Tom and I went to our first beginning agility class last night. It was lots of fun. We were introduced to the open tunnel, closed tunnel, A-frame, and low hurdles. It's a nice sized class--fewer than ten dogs. Most of the dogs are some variety of herding dogs or herding mixes. There's one or two "you pick the breeds" dogs, and Tom, a hunting dog.

The person who was near me for most of the class and I struck up an ongoing conversation. I thought she said her dog was a Malinois, but I think I misheard because to me he didn't look right for that breed. Anyway, we got started laughing, because at one point she was watching the way Tom did the tunnels and said "he's very independent, isn't he?" I laughed and agreed. She was commenting how that's so typical of a hunting dog--while all the herding dogs are all like "what do you want me to do next? is this okay?"

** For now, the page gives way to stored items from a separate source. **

(* Let $\Gamma_3^*\subseteq\mathbb{R}^7$ be the set of entropy vectors of triples of discrete random variables. Let $\mathbf{e}_1=[1,0,0,1,1,0,1]^\intercal$, $\mathbf{e}_2=[0,1,0,1,0,1,1]^\intercal$, $\mathbf{e}_3=[0,0,1,0,1,1,1]^\intercal$, $\mathbf{e}_{12}=[1,1,0,1,1,1,1]^\intercal$, $\mathbf{e}_{123'}=[1,1,1,2,2,2,2]^\intercal$, and let $\Omega=\mathrm{cone}(\mathbf{e}_1,\mathbf{e}_2,\mathbf{e}_3,\mathbf{e}_{12},\mathbf{e}_{123'})$ be the set of all nonnegative combinations of these vectors. Let $\Omega^{\mathrm{in}}$ be the set of all vectors $\lambda_1\mathbf{e}_1+\lambda_2\mathbf{e}_2+\lambda_3\mathbf{e}_3+\lambda_{12}\mathbf{e}_{12}+\lambda_{123'}\mathbf{e}_{123'}$ with all $\lambda_j\ge 0$ such that at least one of the following holds: (i) $\lambda_{12}+\lambda_{123'}\ge\log\lceil 2^{\lambda_{123'}}\rceil$; (ii) $\lambda_{123'}=\log m$ for some $m\in\mathbb{N}$. Then there exists an entropy vector $\mathbf{h}\in\Gamma_3^*$ lying in the relative interior of $\Omega$ (i.e., in $\Omega$ but in no proper face of $\Omega$) such that $\mathbf{h}\notin\Omega^{\mathrm{in}}$.
   Context: All logarithms are base 2 and entropies are in bits. For a discrete random vector $(X_1,X_2,X_3)$, its entropy vector is $\mathbf{h}=[h_1,h_2,h_3,h_{12},h_{13},h_{23},h_{123}]^\intercal\in\mathbb{R}^7$, where $h_\alpha$ is the Shannon entropy of $(X_i)_{i\in\alpha}$. $\Omega$ is a face of the polymatroid cone $\Gamma_3$ (the set of $\mathbf{h}$ satisfying the Shannon elemental inequalities). *)

theory Defs
  imports "HOL-Analysis.Analysis" "HOL-Probability.Probability_Mass_Function"
begin

definition shannon_entropy :: "'a pmf \<Rightarrow> real" where
  "shannon_entropy q = (\<Sum>x\<in>set_pmf q. - (pmf q x * log 2 (pmf q x)))"

definition entropy_vector :: "('a \<times> 'b \<times> 'c) pmf \<Rightarrow> real ^ 7" where
  "entropy_vector p = vector
     [shannon_entropy (map_pmf (\<lambda>(x,y,z). x) p),
      shannon_entropy (map_pmf (\<lambda>(x,y,z). y) p),
      shannon_entropy (map_pmf (\<lambda>(x,y,z). z) p),
      shannon_entropy (map_pmf (\<lambda>(x,y,z). (x,y)) p),
      shannon_entropy (map_pmf (\<lambda>(x,y,z). (x,z)) p),
      shannon_entropy (map_pmf (\<lambda>(x,y,z). (y,z)) p),
      shannon_entropy p]"

text \<open>Gamma_3^*: entropy vectors of triples of discrete (finite-alphabet) random variables.
  Alphabets are taken as subsets of nat (every finite alphabet embeds).\<close>
definition Gamma3_star :: "(real ^ 7) set" where
  "Gamma3_star = {entropy_vector p | p :: (nat \<times> nat \<times> nat) pmf. finite (set_pmf p)}"

definition e1 :: "real ^ 7" where "e1 = vector [1,0,0,1,1,0,1]"
definition e2 :: "real ^ 7" where "e2 = vector [0,1,0,1,0,1,1]"
definition e3 :: "real ^ 7" where "e3 = vector [0,0,1,0,1,1,1]"
definition e12 :: "real ^ 7" where "e12 = vector [1,1,0,1,1,1,1]"
definition e123' :: "real ^ 7" where "e123' = vector [1,1,1,2,2,2,2]"

definition comb :: "real \<Rightarrow> real \<Rightarrow> real \<Rightarrow> real \<Rightarrow> real \<Rightarrow> real ^ 7" where
  "comb l1 l2 l3 l12 l123 = l1 *\<^sub>R e1 + l2 *\<^sub>R e2 + l3 *\<^sub>R e3 + l12 *\<^sub>R e12 + l123 *\<^sub>R e123'"

definition Omega :: "(real ^ 7) set" where
  "Omega = {comb l1 l2 l3 l12 l123 | l1 l2 l3 l12 l123.
              l1 \<ge> 0 \<and> l2 \<ge> 0 \<and> l3 \<ge> 0 \<and> l12 \<ge> 0 \<and> l123 \<ge> 0}"

definition Omega_in :: "(real ^ 7) set" where
  "Omega_in = {comb l1 l2 l3 l12 l123 | l1 l2 l3 l12 l123.
              l1 \<ge> 0 \<and> l2 \<ge> 0 \<and> l3 \<ge> 0 \<and> l12 \<ge> 0 \<and> l123 \<ge> 0 \<and>
              (l12 + l123 \<ge> log 2 (real_of_int \<lceil>2 powr l123\<rceil>)
               \<or> (\<exists>m::nat. m \<ge> 1 \<and> l123 = log 2 (real m)))}"

end

theory Submission
  imports Defs
begin

text \<open>
  The witness is a distribution on 16 equally likely outcomes whose entropy vector is
  \<open>(3/2) e1 + (1/4) e2 + (1/2) e3 + (1/4) e12 + (1/2) e123'\<close>. The five generators are
  linearly independent, so \<open>\<Omega>\<close> is an injective linear image of the nonnegative orthant of
  \<open>\<real>\<^sup>5\<close>, and its relative interior consists of the combinations with all coefficients positive.
  The witness lies outside \<open>\<Omega>\<^sup>i\<^sup>n\<close> because its coefficient of \<open>e123'\<close> is \<open>1/2\<close>, which is not
  the logarithm of an integer, and \<open>1/4 + 1/2 < 1 = log \<lceil>2 powr (1/2)\<rceil>\<close>.
\<close>

lemma exhaust_7:
  fixes x :: 7
  shows "x = 1 \<or> x = 2 \<or> x = 3 \<or> x = 4 \<or> x = 5 \<or> x = 6 \<or> x = 7"
proof (induct x)
  case (of_int z)
  then have "z = 0 \<or> z = 1 \<or> z = 2 \<or> z = 3 \<or> z = 4 \<or> z = 5 \<or> z = 6" by fastforce
  then show ?case by auto
qed

lemma forall_7:
  "(\<forall>i::7. P i) \<longleftrightarrow> P 1 \<and> P 2 \<and> P 3 \<and> P 4 \<and> P 5 \<and> P 6 \<and> P 7"
  by (metis exhaust_7)

lemma vector_7 [simp]:
  "(vector [x1,x2,x3,x4,x5,x6,x7] :: 'a::zero ^ 7) $ 1 = x1"
  "(vector [x1,x2,x3,x4,x5,x6,x7] :: 'a::zero ^ 7) $ 2 = x2"
  "(vector [x1,x2,x3,x4,x5,x6,x7] :: 'a::zero ^ 7) $ 3 = x3"
  "(vector [x1,x2,x3,x4,x5,x6,x7] :: 'a::zero ^ 7) $ 4 = x4"
  "(vector [x1,x2,x3,x4,x5,x6,x7] :: 'a::zero ^ 7) $ 5 = x5"
  "(vector [x1,x2,x3,x4,x5,x6,x7] :: 'a::zero ^ 7) $ 6 = x6"
  "(vector [x1,x2,x3,x4,x5,x6,x7] :: 'a::zero ^ 7) $ 7 = x7"
  unfolding vector_def by simp_all

lemma comb_component [simp]:
  "comb a b c d e $ 1 = a + d + e"
  "comb a b c d e $ 2 = b + d + e"
  "comb a b c d e $ 3 = c + e"
  "comb a b c d e $ 4 = a + b + d + 2 * e"
  "comb a b c d e $ 5 = a + c + d + 2 * e"
  "comb a b c d e $ 6 = b + c + d + 2 * e"
  "comb a b c d e $ 7 = a + b + c + d + 2 * e"
  by (simp_all add: comb_def e1_def e2_def e3_def e12_def e123'_def)

lemma comb_eq_iff:
  "comb a b c d e = comb a' b' c' d' e' \<longleftrightarrow> a = a' \<and> b = b' \<and> c = c' \<and> d = d' \<and> e = e'"
  by (auto simp: vec_eq_iff forall_7)

definition comb_map :: "real \<times> real \<times> real \<times> real \<times> real \<Rightarrow> real ^ 7" where
  "comb_map = (\<lambda>(a, b, c, d, e). comb a b c d e)"

lemma linear_comb_map: "linear comb_map"
  by (rule linearI) (auto simp: comb_map_def comb_def algebra_simps)

lemma inj_comb_map: "inj comb_map"
  by (rule injI) (auto simp: comb_map_def comb_eq_iff)

lemma Omega_eq_image: "Omega = comb_map ` ({0..} \<times> {0..} \<times> {0..} \<times> {0..} \<times> {0..})"
proof (intro equalityI subsetI)
  fix h assume "h \<in> Omega"
  then obtain a b c d e where "h = comb a b c d e" "a \<ge> 0" "b \<ge> 0" "c \<ge> 0" "d \<ge> 0" "e \<ge> 0"
    unfolding Omega_def by blast
  then show "h \<in> comb_map ` ({0..} \<times> {0..} \<times> {0..} \<times> {0..} \<times> {0..})"
    by (auto simp: comb_map_def intro!: image_eqI[where x = "(a, b, c, d, e)"])
next
  fix h assume "h \<in> comb_map ` ({0..} \<times> {0..} \<times> {0..} \<times> {0..} \<times> {0..})"
  then obtain a b c d e where "h = comb a b c d e" "a \<ge> 0" "b \<ge> 0" "c \<ge> 0" "d \<ge> 0" "e \<ge> 0"
    by (auto simp: comb_map_def)
  then show "h \<in> Omega"
    unfolding Omega_def by blast
qed

lemma rel_interior_nonneg_orthant:
  "rel_interior ({0..} \<times> {0..} \<times> {0..} \<times> {0..} \<times> {0..} :: (real \<times> real \<times> real \<times> real \<times> real) set)
     = {0<..} \<times> {0<..} \<times> {0<..} \<times> {0<..} \<times> {0<..}"
proof -
  have int: "interior ({0..} \<times> {0..} \<times> {0..} \<times> {0..} \<times> {0..} :: (real \<times> real \<times> real \<times> real \<times> real) set)
     = {0<..} \<times> {0<..} \<times> {0<..} \<times> {0<..} \<times> {0<..}"
    by (simp add: interior_Times)
  then have "(1, 1, 1, 1, 1) \<in> interior ({0..} \<times> {0..} \<times> {0..} \<times> {0..} \<times> {0..} :: (real \<times> real \<times> real \<times> real \<times> real) set)"
    by simp
  then show ?thesis
    using rel_interior_nonempty_interior int by blast
qed

lemma rel_interior_Omega:
  "rel_interior Omega = comb_map ` ({0<..} \<times> {0<..} \<times> {0<..} \<times> {0<..} \<times> {0<..})"
  unfolding Omega_eq_image rel_interior_nonneg_orthant[symmetric]
  using linear_comb_map inj_comb_map
  by (simp add: rel_interior_injective_linear_image linear_conv_bounded_linear)

lemma comb_mem_rel_interior_Omega:
  assumes "0 < a" "0 < b" "0 < c" "0 < d" "0 < e"
  shows "comb a b c d e \<in> rel_interior Omega"
  unfolding rel_interior_Omega using assms
  by (auto simp: comb_map_def intro!: image_eqI[where x = "(a, b, c, d, e)"])

lemma comb_mem_Omega_in_iff:
  "comb a b c d e \<in> Omega_in \<longleftrightarrow>
     a \<ge> 0 \<and> b \<ge> 0 \<and> c \<ge> 0 \<and> d \<ge> 0 \<and> e \<ge> 0 \<and>
     (d + e \<ge> log 2 (real_of_int \<lceil>2 powr e\<rceil>) \<or> (\<exists>m::nat. m \<ge> 1 \<and> e = log 2 (real m)))"
  by (simp add: Omega_in_def comb_eq_iff)

lemma ceiling_two_powr_eq_2:
  fixes x :: real
  assumes "0 < x" "x \<le> 1"
  shows "\<lceil>2 powr x\<rceil> = 2"
proof -
  have "1 < 2 powr x"
    using assms by simp
  moreover have "2 powr x \<le> 2 powr 1"
    using assms by (intro powr_mono) auto
  ultimately show ?thesis
    by (simp add: ceiling_eq_iff)
qed

lemma log2_of_nat_ge_1:
  fixes m :: nat
  assumes "0 < log 2 (real m)"
  shows "1 \<le> log 2 (real m)"
proof -
  have "m \<noteq> 0"
    using assms by (intro notI) (simp add: log_def)
  then have "1 < m"
    using assms by simp
  then show ?thesis
    by simp
qed

lemma comb_notin_Omega_in:
  assumes "0 < e" "e < 1" "d + e < 1"
  shows "comb a b c d e \<notin> Omega_in"
proof -
  have "d + e < log 2 (real_of_int \<lceil>2 powr e\<rceil>)"
    using assms by (simp add: ceiling_two_powr_eq_2)
  moreover have "e \<noteq> log 2 (real m)" for m :: nat
    using log2_of_nat_ge_1[of m] assms by linarith
  ultimately show ?thesis
    by (auto simp: comb_mem_Omega_in_iff)
qed

lemma map_pmf_of_multiset:
  assumes "M \<noteq> {#}"
  shows "map_pmf f (pmf_of_multiset M) = pmf_of_multiset (image_mset f M)"
proof (rule pmf_eqI)
  fix y
  have "pmf (map_pmf f (pmf_of_multiset M)) y
      = measure_pmf.prob (pmf_of_multiset M) (f -` {y} \<inter> set_mset M)"
    using assms measure_Int_set_pmf[of "pmf_of_multiset M" "f -` {y}"] by (simp add: pmf_map)
  also have "\<dots> = (\<Sum>x\<in>f -` {y} \<inter> set_mset M. count M x / size M)"
    using assms by (simp add: measure_measure_pmf_finite)
  also have "\<dots> = count (image_mset f M) y / size (image_mset f M)"
    by (simp add: count_image_mset sum_divide_distrib)
  finally show "pmf (map_pmf f (pmf_of_multiset M)) y = pmf (pmf_of_multiset (image_mset f M)) y"
    using assms by simp
qed

lemma shannon_entropy_pmf_of_multiset_mset:
  assumes "ys \<noteq> []"
  shows "shannon_entropy (pmf_of_multiset (mset ys)) =
    (\<Sum>x\<leftarrow>remdups ys. - (count_list ys x / length ys * log 2 (count_list ys x / length ys)))"
  using assms by (simp add: shannon_entropy_def sum.set_conv_list count_mset)

lemma log2_inverse_powers:
  "log 2 (1/2) = -1" "log 2 (1/4) = -2" "log 2 (1/8) = -3" "log 2 (1/16) = -4"
proof -
  have "log 2 (1 / 2 ^ k) = - real k" for k
    by (simp add: log_divide log_nat_power)
  from this[of 1] this[of 2] this[of 3] this[of 4]
  show "log 2 (1/2) = -1" "log 2 (1/4) = -2" "log 2 (1/8) = -3" "log 2 (1/16) = -4"
    by simp_all
qed

text \<open>\<open>X\<^sub>1\<close> chooses how the two fair bits \<open>X\<^sub>2, X\<^sub>3\<close> are coupled: equal, opposite, \<open>X\<^sub>2 = 0\<close>,
  \<open>X\<^sub>2 = 1\<close> or independent, with probabilities \<open>1/4, 1/4, 1/8, 1/8, 1/4\<close>.\<close>

definition witness_outcomes :: "(nat \<times> nat \<times> nat) list" where
  "witness_outcomes =
     [(0,0,0), (0,0,0), (0,1,1), (0,1,1), (1,1,0), (1,1,0), (1,0,1), (1,0,1),
      (2,0,0), (2,0,1), (3,1,0), (3,1,1), (4,0,0), (4,0,1), (4,1,0), (4,1,1)]"

definition witness :: "(nat \<times> nat \<times> nat) pmf" where
  "witness = pmf_of_multiset (mset witness_outcomes)"

lemma finite_set_pmf_witness: "finite (set_pmf witness)"
  by (simp add: witness_def witness_outcomes_def)

lemma shannon_entropy_map_witness:
  "shannon_entropy (map_pmf f witness) =
    (\<Sum>x\<leftarrow>remdups (map f witness_outcomes).
       - (count_list (map f witness_outcomes) x / 16 * log 2 (count_list (map f witness_outcomes) x / 16)))"
proof -
  have ne: "witness_outcomes \<noteq> []" and len: "length witness_outcomes = 16"
    by (simp_all add: witness_outcomes_def)
  then have ne_map: "map f witness_outcomes \<noteq> []"
    by simp
  have map_eq: "map_pmf f witness = pmf_of_multiset (mset (map f witness_outcomes))"
    using ne by (simp add: witness_def map_pmf_of_multiset)
  show ?thesis
    unfolding map_eq shannon_entropy_pmf_of_multiset_mset[OF ne_map] length_map len by simp
qed

lemma entropy_vector_witness:
  "entropy_vector witness = comb (3/2) (1/4) (1/2) (1/4) (1/2)"
proof -
  have "shannon_entropy witness = 7/2"
    using shannon_entropy_map_witness[of "\<lambda>x. x"]
    by (simp add: witness_outcomes_def log2_inverse_powers)
  then show ?thesis
    unfolding entropy_vector_def vec_eq_iff forall_7
    by (simp add: shannon_entropy_map_witness witness_outcomes_def log2_inverse_powers)
qed

theorem theorem5:
  shows "\<exists>h \<in> Gamma3_star. h \<in> rel_interior Omega \<and> h \<notin> Omega_in"
proof
  show "entropy_vector witness \<in> Gamma3_star"
    unfolding Gamma3_star_def using finite_set_pmf_witness by blast
  show "entropy_vector witness \<in> rel_interior Omega \<and> entropy_vector witness \<notin> Omega_in"
    unfolding entropy_vector_witness
    by (simp add: comb_mem_rel_interior_Omega comb_notin_Omega_in)
qed

end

Tom caught on to the "over" with the little hurdle right quick. He wasn't so sure about the A-frame, but seemed to be more at ease with it after doing it a few times. Then there were the tunnels. He seemed a little unsure of them the first couple of times. But then he went through them fine. He took his time, though. And his attitude very much seemed to be "All right, hold your horses. There are all kinds of interesting smells here." This is what prompted the conversation with the classmate about the more independent nature of hunting breeds.

Anyway, it was a lot of fun and I think Tom had fun too. I don't know if I'm really going to be able to afford to get into this in a big way, but if nothing else, at least a round or two of classes should be fun.